Slurm scheduler

Roar uses Slurm (Simple Linux Utility for Resource Management) to schedule submitted jobs and allocate compute resources.

Resource directives

Resource directives specify resources needed by a job, including the hardware to use (nodes, cores, GPUs, memory) and the run time. They are required for both interactive jobs and batch jobs.

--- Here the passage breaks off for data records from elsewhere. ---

text \<open>The metric is a circulant matrix that commutes with the permutation matrix P, so P is an
  isometry; the same holds for every partial derivative of the metric, since it has the same
  circulant shape. For coordinate fields the Koszul formula gives
  F(x,y,z) = K(x,Py,z) - K(x,y,Pz) with K(x,y,z) = (h(x,y,z) + h(y,x,z) - h(z,x,y))/2 and
  h(w,u,v) = (\<partial>_w g)(u,v). Once h is symmetric in u, v and P is self-adjoint for h(w,-,-),
  the cyclic sum of F(x,y,Pz) cancels term by term. Only the pointwise inequalities between A, B
  and C enter: the partial derivatives of A, B, C are used merely as numbers.\<close>

lemma Pmat_eq: "Pmat = (\<chi> j k. if k = j + 2 then 1 else 0)"
  unfolding Pmat_def Qmat_def matrix_matrix_mult_def
  by (simp add: vec_eq_iff forall_4 sum_4)

lemma tact_Pmat_nth [simp]:
  "tact Pmat x $ 1 = x $ 3" "tact Pmat x $ 2 = x $ 4"
  "tact Pmat x $ 3 = x $ 1" "tact Pmat x $ 4 = x $ 2"
  by (simp_all add: tact_def vector_matrix_mult_def Pmat_eq sum_4)

lemma tact_Pmat_involutive [simp]: "tact Pmat (tact Pmat x) = x"
  by (simp add: vec_eq_iff forall_4)

lemma Pmat_squared: "Pmat ** Pmat = mat 1"
  by (simp add: Pmat_eq matrix_matrix_mult_def mat_def vec_eq_iff forall_4 sum_4)

lemma trace_Pmat: "trace Pmat = 0"
  by (simp add: trace_def sum_4 Pmat_eq)

lemma Pmat_neq_pm_identity: "Pmat \<noteq> mat 1" "Pmat \<noteq> - mat 1"
proof -
  have "Pmat $ 1 $ 1 \<noteq> (mat 1 :: real^4^4) $ 1 $ 1" "Pmat $ 1 $ 1 \<noteq> (- mat 1 :: real^4^4) $ 1 $ 1"
    by (simp_all add: Pmat_eq mat_def)
  then show "Pmat \<noteq> mat 1" "Pmat \<noteq> - mat 1"
    by metis+
qed

lemma gval_gmat_commute: "gval (gmat A B C) p x y = gval (gmat A B C) p y x"
  by (simp add: gval_def gmat_def sum_4 algebra_simps)

lemma gval_gmat_tact_Pmat:
  "gval (gmat A B C) p (tact Pmat x) (tact Pmat y) = gval (gmat A B C) p x y"
  by (simp add: gval_def gmat_def sum_4 algebra_simps)

lemma gval_gmat_tact_Pmat_adjoint:
  "gval (gmat A B C) p (tact Pmat x) y = gval (gmat A B C) p x (tact Pmat y)"
  by (metis gval_gmat_tact_Pmat tact_Pmat_involutive)

lemma gval_gmat_sum_of_squares:
  "gval (gmat A B C) p x x
     = (A p + 2 * B p + C p) * (x$1 + x$2 + x$3 + x$4)\<^sup>2 / 4
     + (A p - 2 * B p + C p) * (x$1 - x$2 + x$3 - x$4)\<^sup>2 / 4
     + (A p - C p) * ((x$1 - x$3)\<^sup>2 + (x$2 - x$4)\<^sup>2) / 2"
  by (simp add: gval_def gmat_def sum_4 power2_eq_square algebra_simps divide_simps)

lemma gval_gmat_pos:
  assumes "A p > C p" "C p > B p" "B p > 0" "x \<noteq> 0"
  shows "gval (gmat A B C) p x x > 0"
proof -
  define s t u w where "s = x$1 + x$2 + x$3 + x$4" and "t = x$1 - x$2 + x$3 - x$4"
    and "u = x$1 - x$3" and "w = x$2 - x$4"
  have "s \<noteq> 0 \<or> t \<noteq> 0 \<or> u \<noteq> 0 \<or> w \<noteq> 0"
    using \<open>x \<noteq> 0\<close> unfolding s_def t_def u_def w_def vec_eq_iff forall_4 by auto
  then have "(A p + 2 * B p + C p) * s\<^sup>2 / 4 > 0 \<or> (A p - 2 * B p + C p) * t\<^sup>2 / 4 > 0
      \<or> (A p - C p) * (u\<^sup>2 + w\<^sup>2) / 2 > 0"
    using assms(1-3) by (auto simp: add_pos_nonneg add_nonneg_pos)
  moreover have "(A p + 2 * B p + C p) * s\<^sup>2 / 4 \<ge> 0" "(A p - 2 * B p + C p) * t\<^sup>2 / 4 \<ge> 0"
    "(A p - C p) * (u\<^sup>2 + w\<^sup>2) / 2 \<ge> 0"
    using assms(1-3) by simp_all
  ultimately show ?thesis
    unfolding gval_gmat_sum_of_squares s_def[symmetric] t_def[symmetric] u_def[symmetric]
      w_def[symmetric] by linarith
qed
(* If a depth-proper mttr $M$ is finite-nesting, then $M$ is LSHI, i.e., there is $b\in\mathbb N$ with $H(M(t))\le b\cdot|t|$ for all input trees $t$.
   Context: Trees: for a ranked alphabet $\Sigma$, $T_\Sigma$ is the set of finite ranked ordered trees over $\Sigma$, and $T_\Sigma(A)$ the trees over $\Sigma$ with additional rank-0 symbols from $A$. $X_k=\{x_1,\dots,x_k\}$ are input variables and $Y=\{y_1,y_2,\dots\}$, $Y_m=\{y_1,\dots,y_m\}$ are parameters. A (deterministic bottom-up) tree automaton $(P,\Sigma,h)$ has a finite state set $P$ and maps $h_\sigma:P^k\to P$ for $\sigma\in\Sigma^{(k)}$; $\hat h:T_\Sigma\to P$ is its run and $L_p=\{s\in T_\Sigma\mid \hat h(s)=p\}$. A (total, deterministic) macro tree transducer with look-ahead (mttr) is $M=(Q,P,\Sigma,\Delta,q_0,R,h)$ where $Q$ is a ranked alphabet of states, $\Sigma,\Delta$ are ranked input/output alphabets, $(P,\Sigma,h)$ is a tree automaton (the look-ahead), $q_0\in Q^{(0)}$, and for each $q\in Q^{(m)}$, $\sigma\in\Sigma^{(k)}$, $p_1,\dots,p_k\in P$ there is exactly one rule $\langle q,\sigma(x_1:p_1,\dots,x_k:p_k)\rangle(y_1,\dots,y_m)\to t$ with $t\in T_{\Delta\cup\langle Q,X_k\rangle}(Y_m)$, where $\langle q',x_i\rangle$ has the rank of $q'$. For $q\in Q^{(m)}$ and $s=\sigma(s_1,\dots,s_k)$, $M_q(s)\in T_\Delta(Y_m)$ is obtained from the right-hand side of the rule for $(q,\sigma,\hat h(s_1),\dots,\hat h(s_k))$ by replacing (recursively, innermost first) each subtree $\langle q',x_i\rangle(\xi_1,\dots,\xi_n)$ by $M_{q'}(s_i)$ with each $y_j$ replaced by (the result for) $\xi_j$; $M(s)=M_{q_0}(s)$. Extension and reachability: $\hat M$ is the mttr with input alphabet $\Sigma\cup P$ (each $p\in P$ a rank-0 input symbol with $\hat h_p()=p$), output alphabet $\Delta\cup\langle Q,P\rangle$ (where $\langle q,p\rangle$ has the rank of $q$), the rules of $M$ plus the rules $\langle q,p\rangle(y_1,\dots,y_m)\to\langle q,p\rangle(y_1,\dots,y_m)$ for $q\in Q^{(m)}$, $p\in P$. A pair $\langle q,p\rangle$ is reachable if it occurs in $\hat M(s)$ for some $s\in T_\Sigma(P)$. Depth-proper: for $y\in Y$ and $s\in T_\Delta(Y)$, $\lfloor s\rfloor_y$ is obtained from $s$ by replacing every maximal subtree not containing $y$ by a new rank-0 symbol $\$$. $M$ is depth-proper if for every reachable $\langle q,p\rangle$ with $q\in Q^{(m)}$ and every $y\in Y_m$, the set $\{\lfloor M_q(s)\rfloor_y\mid s\in L_p\}$ is infinite. Size and height: $|t|$ is the number of nodes of $t$; the height $H(t)$ is the number of nodes on a longest root-to-leaf path. Nesting: for $t\in T_\Sigma(P)$, the nesting of a root-to-leaf path of $\hat M(t)$ is the number of its nodes labeled by symbols of $\langle Q,P\rangle$. $M$ is finite-nesting if there is $b\in\mathbb N$ such that for every $t\in T_\Sigma(P)$ containing exactly one leaf labeled by a symbol of $P$, every root-to-leaf path of $\hat M(t)$ has nesting at most $b$. *)

theory Defs
  imports Main
begin
lemma idx_expect_repeated_hit_le:
  assumes "card {i. i < n \<and> P i} \<le> 1" "0 < n" "s \<in> {1..<T}"
  shows "idx_expect n T (\<lambda>idx. of_bool (P (idx s) \<and> (\<exists>r\<in>{1..<s}. P (idx r))))
    \<le> real (s - 1) / real n ^ 2"
proof -
  have "idx_expect n T (\<lambda>idx. of_bool (P (idx s) \<and> (\<exists>r\<in>{1..<s}. P (idx r))))
      \<le> (\<Sum>r\<in>{1..<s}. idx_expect n T (\<lambda>idx. of_bool (P (idx r) \<and> P (idx s))))"
    unfolding idx_expect_sum[symmetric]
  proof (rule idx_expect_mono)
    fix idx :: "nat \<Rightarrow> nat"
    have "P (idx s) \<and> (\<exists>r\<in>{1..<s}. P (idx r)) \<longleftrightarrow> (\<exists>r\<in>{1..<s}. P (idx r) \<and> P (idx s))"
      by blast
    then show "of_bool (P (idx s) \<and> (\<exists>r\<in>{1..<s}. P (idx r)))
        \<le> (\<Sum>r\<in>{1..<s}. of_bool (P (idx r) \<and> P (idx s)) :: real)"
      using of_bool_bex_le_sum[of "{1..<s}" "\<lambda>r. P (idx r) \<and> P (idx s)"] by simp
  qed
  also have "\<dots> \<le> (\<Sum>r\<in>{1..<s}. 1 / real n ^ 2)"
  proof (rule sum_mono)
    fix r assume "r \<in> {1..<s}"
    then have "{r, s} \<subseteq> {1..<T}" "card {r, s} = 2" using assms(3) by auto
    then show "idx_expect n T (\<lambda>idx. of_bool (P (idx r) \<and> P (idx s))) \<le> 1 / real n ^ 2"
      using idx_expect_of_bool_all_in[of "{r, s}" T n P] assms(1,2)
      by (simp add: power_divide divide_right_mono power_le_one)
  qed
  finally show ?thesis by simp
qed

lemma idx_expect_divergence_bound_le:
  assumes "card {i. i < n \<and> P i} \<le> 1" "0 < n" "\<forall>s\<in>{1..<T}. 0 \<le> c s"
  shows "idx_expect n T (\<lambda>idx. divergence_bound (\<lambda>s. P (idx s)) c (T - 1))
    \<le> real (T - 1) / real n * (sqrt (\<Sum>s=1..T-1. (c s)\<^sup>2) + 1 / real n * (\<Sum>s=1..T-1. c s))"
proof -
  have indices: "{1..T - 1} = {1..<T}" by auto
  have "idx_expect n T (\<lambda>idx. divergence_bound (\<lambda>s. P (idx s)) c (T - 1))
      = idx_expect n T (\<lambda>idx. of_bool (\<exists>r\<in>{1..<T}. P (idx r))) * sqrt (\<Sum>s\<in>{1..<T}. (c s)\<^sup>2)
        + (\<Sum>s\<in>{1..<T}. idx_expect n T (\<lambda>idx. of_bool (P (idx s) \<and> (\<exists>r\<in>{1..<s}. P (idx r)))) * c s)"
    unfolding divergence_bound_def indices idx_expect_add idx_expect_mult_right idx_expect_sum ..
  also have "\<dots> \<le> real (T - 1) / real n * sqrt (\<Sum>s\<in>{1..<T}. (c s)\<^sup>2)
        + (\<Sum>s\<in>{1..<T}. real (T - 1) / real n ^ 2 * c s)"
  proof (intro add_mono sum_mono mult_right_mono)
    show "idx_expect n T (\<lambda>idx. of_bool (\<exists>r\<in>{1..<T}. P (idx r))) \<le> real (T - 1) / real n"
      using assms(1,2) by (rule idx_expect_any_hit_le)
    fix s assume "s \<in> {1..<T}"
    then have "real (s - 1) / real n ^ 2 \<le> real (T - 1) / real n ^ 2"
      by (intro divide_right_mono) auto
    then show "idx_expect n T (\<lambda>idx. of_bool (P (idx s) \<and> (\<exists>r\<in>{1..<s}. P (idx r))))
        \<le> real (T - 1) / real n ^ 2"
      using idx_expect_repeated_hit_le[OF assms(1,2) \<open>s \<in> {1..<T}\<close>] by linarith
    show "0 \<le> c s" using assms(3) \<open>s \<in> {1..<T}\<close> by blast
  qed (simp add: sum_nonneg)
  also have "\<dots> = real (T - 1) / real n * (sqrt (\<Sum>s=1..T-1. (c s)\<^sup>2) + 1 / real n * (\<Sum>s=1..T-1. c s))"
    unfolding indices sum_distrib_left[symmetric] by (simp add: distrib_left power2_eq_square)
  finally show ?thesis .
qed

theorem theoremA1:
  fixes X :: "'a::euclidean_space set" and R L :: real
    and f :: "'a \<Rightarrow> 'z \<Rightarrow> real" and g :: "'a \<Rightarrow> 'z \<Rightarrow> 'a"
    and U :: "'z \<Rightarrow> 'a set"
    and \<eta> :: "nat \<Rightarrow> real" and x1 :: 'a and n T :: nat and S S' :: "nat \<Rightarrow> 'z"
  assumes "compact X" and "convex X" and "X \<subseteq> cball 0 R"
    and "\<And>z. open (U z)" and "\<And>z. X \<subseteq> U z"
    and "\<And>z. convex_on (U z) (\<lambda>x. f x z)"
    and "\<And>z. L-lipschitz_on (U z) (\<lambda>x. f x z)"
    and "\<And>x z. x \<in> X \<Longrightarrow> \<forall>y\<in>U z. f y z \<ge> f x z + g x z \<bullet> (y - x)"
    and "x1 \<in> X"
    and "1 \<le> T" and "T \<le> n"
    and "\<And>t. t \<in> {1..T} \<Longrightarrow> \<eta> t > 0"
    and "neighbors n S S'"
  shows "idx_expect n T (\<lambda>idx. norm (rsgd_out X g \<eta> x1 T S idx - rsgd_out X g \<eta> x1 T S' idx))
    \<le> min (2 * R)
         (3 * L * (real (T - 1) / real n) *
           (sqrt (\<Sum>t=1..T-1. (\<eta> t)\<^sup>2) + (1 / real n) * (\<Sum>t=1..T-1. \<eta> t)))"
proof -
  let ?E = "idx_expect n T (\<lambda>idx. norm (rsgd_out X g \<eta> x1 T S idx - rsgd_out X g \<eta> x1 T S' idx))"
  have "closed X" using assms(1) by (rule compact_imp_closed)
  have "0 < n" using assms(10,11) by simp
  have "0 \<le> L" using assms(7) by (rule lipschitz_on_nonneg)
  have "0 \<le> (\<Sum>t=1..T-1. \<eta> t)" by (intro sum_nonneg less_imp_le assms(12)) auto
  have grad_bound: "norm (g x z) \<le> L" if "x \<in> X" for x z
    using subgradient_norm_le_lipschitz[OF assms(4) _ assms(7) assms(8)] that assms(5) by blast
  have grad_mono: "0 \<le> (g x z - g y z) \<bullet> (x - y)" if "x \<in> X" "y \<in> X" for x y z
    using subgradient_monotone[of "\<lambda>x. f x z"] assms(5,8) that by blast
  have "?E \<le> idx_expect n T (\<lambda>_. 2 * R)"
    by (intro idx_expect_mono rsgd_out_dist_le_diameter[OF \<open>closed X\<close> assms(3,9,10,12)])
  then have diameter_bound: "?E \<le> 2 * R" using \<open>0 < n\<close> by (simp add: idx_expect_const)
  have "?E \<le> idx_expect n T (\<lambda>idx.
      divergence_bound (\<lambda>s. S (idx s) \<noteq> S' (idx s)) (\<lambda>s. 2 * L * \<eta> s) (T - 1))"
    by (intro idx_expect_mono rsgd_out_dist_le[OF \<open>closed X\<close> assms(2,9) grad_bound grad_mono assms(10,12)])
  also have "\<dots> \<le> real (T - 1) / real n *
      (sqrt (\<Sum>s=1..T-1. (2 * L * \<eta> s)\<^sup>2) + 1 / real n * (\<Sum>s=1..T-1. 2 * L * \<eta> s))"
    using assms(12,13) \<open>0 < n\<close> \<open>0 \<le> L\<close>
    by (intro idx_expect_divergence_bound_le) (auto simp: neighbors_def less_imp_le)
  also have "\<dots> = 2 * L * (real (T - 1) / real n) *
      (sqrt (\<Sum>t=1..T-1. (\<eta> t)\<^sup>2) + 1 / real n * (\<Sum>t=1..T-1. \<eta> t))"
    using \<open>0 \<le> L\<close> by (simp add: power_mult_distrib real_sqrt_mult flip: sum_distrib_left) (simp add: algebra_simps)
  also have "\<dots> \<le> 3 * L * (real (T - 1) / real n) *
      (sqrt (\<Sum>t=1..T-1. (\<eta> t)\<^sup>2) + 1 / real n * (\<Sum>t=1..T-1. \<eta> t))"
    using \<open>0 \<le> L\<close> \<open>0 \<le> (\<Sum>t=1..T-1. \<eta> t)\<close>
    by (intro mult_right_mono add_nonneg_nonneg mult_nonneg_nonneg) (auto simp: sum_nonneg)
  finally show ?thesis using diameter_bound by simp
qed

end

Interactive jobs via the Portal can also use resource directives.

The most common directives are:

Short option Long option Description
-J --job-name name the job
-A --account charge to an account
-p --partition request a partition
-N --nodes number of nodes
-n --ntasks number of tasks (cores)
NA --ntasks-per-node number of tasks per node
NA --mem memory per node
NA --mem-per-cpu memory per core
-t --time maximum run time
NA --gres GPU request
-C --constraint required node features
only for paid accounts
-e --error direct standard error to a file
-o --output direct standard output to a file

Environment variables

Slurm defines environment variables within the scope of a job:

Environment Variable Description
SLURM_JOB_ID ID of the job
SLURM_JOB_NAME Name of job
SLURM_NNODES Number of nodes
SLURM_NODELIST List of nodes
SLURM_NTASKS Total number of tasks
SLURM_NTASKS_PER_NODE Number of tasks per node
SLURM_QUEUE Queue (partition)
SLURM_SUBMIT_DIR Directory of job submission

Replacement symbols

Replacement symbols can be used in Slurm directives, to build job names and filenames with information specific to the job being run:

Symbol Description
%j Job ID
%x Job name
%u Username
%N Hostname where the job is running

For more information on Slurm directives, environment variables, and replacement symbols, see Slurm sbatch documentation for batch jobs and Slurm salloc documentation for interactive jobs.

Job output files

By default, batch job standard output and standard error are both directed to slurm-%j.out, where %j is the jobID. But output and error filenames can be customized: #SBATCH -e = <file> redirects standard error to <file>, and #SBATCH -o likewise redirects standard output.

SLURM variables %x (job name) and %u (username) are useful for this purpose. For example,

#SBATCH -eo = %u_%x.out
writes both standard output and error to <username>_<jobname>.out.